◆ Exercise details
Your answer should be the entries, repeated exactly.

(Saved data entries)
════════
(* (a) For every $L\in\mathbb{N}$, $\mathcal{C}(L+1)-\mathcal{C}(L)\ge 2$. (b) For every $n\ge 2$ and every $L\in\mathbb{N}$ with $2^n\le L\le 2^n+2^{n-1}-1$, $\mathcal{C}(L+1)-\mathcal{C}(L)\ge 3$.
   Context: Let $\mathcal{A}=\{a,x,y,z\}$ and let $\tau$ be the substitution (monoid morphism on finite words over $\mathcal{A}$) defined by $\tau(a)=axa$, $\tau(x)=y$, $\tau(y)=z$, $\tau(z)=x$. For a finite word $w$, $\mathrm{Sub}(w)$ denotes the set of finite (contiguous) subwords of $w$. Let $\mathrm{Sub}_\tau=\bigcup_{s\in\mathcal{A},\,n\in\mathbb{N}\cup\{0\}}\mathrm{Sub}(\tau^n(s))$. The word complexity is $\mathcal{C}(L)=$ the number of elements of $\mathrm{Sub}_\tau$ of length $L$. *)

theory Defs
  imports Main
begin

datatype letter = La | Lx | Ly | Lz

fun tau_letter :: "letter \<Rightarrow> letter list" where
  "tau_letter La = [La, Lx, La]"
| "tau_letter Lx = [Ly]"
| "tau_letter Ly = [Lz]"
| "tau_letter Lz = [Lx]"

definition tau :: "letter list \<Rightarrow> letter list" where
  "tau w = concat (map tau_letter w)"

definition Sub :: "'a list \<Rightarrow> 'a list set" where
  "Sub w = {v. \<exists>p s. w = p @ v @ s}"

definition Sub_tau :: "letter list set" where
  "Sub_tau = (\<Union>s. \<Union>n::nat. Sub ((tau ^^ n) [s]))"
════════
◆ Your solution
(* (a) For every $L\in\mathbb{N}$, $\mathcal{C}(L+1)-\mathcal{C}(L)\ge 2$. (b) For every $n\ge 2$ and every $L\in\mathbb{N}$ with $2^n\le L\le 2^n+2^{n-1}-1$, $\mathcal{C}(L+1)-\mathcal{C}(L)\ge 3$.
   Context: Let $\mathcal{A}=\{a,x,y,z\}$ and let $\tau$ be the substitution (monoid morphism on finite words over $\mathcal{A}$) defined by $\tau(a)=axa$, $\tau(x)=y$, $\tau(y)=z$, $\tau(z)=x$. For a finite word $w$, $\mathrm{Sub}(w)$ denotes the set of finite (contiguous) subwords of $w$. Let $\mathrm{Sub}_\tau=\bigcup_{s\in\mathcal{A},\,n\in\mathbb{N}\cup\{0\}}\mathrm{Sub}(\tau^n(s))$. The word complexity is $\mathcal{C}(L)=$ the number of elements of $\mathrm{Sub}_\tau$ of length $L$. *)

theory Defs
  imports Main
begin

datatype letter = La | Lx | Ly | Lz

fun tau_letter :: "letter \<Rightarrow> letter list" where
  "tau_letter La = [La, Lx, La]"
| "tau_letter Lx = [Ly]"
| "tau_letter Ly = [Lz]"
| "tau_letter Lz = [Lx]"

definition tau :: "letter list \<Rightarrow> letter list" where
  "tau w = concat (map tau_letter w)"

definition Sub :: "'a list \<Rightarrow> 'a list set" where
  "Sub w = {v. \<exists>p s. w = p @ v @ s}"

definition Sub_tau :: "letter list set" where
  "Sub_tau = (\<Union>s. \<Union>n::nat. Sub ((tau ^^ n) [s]))"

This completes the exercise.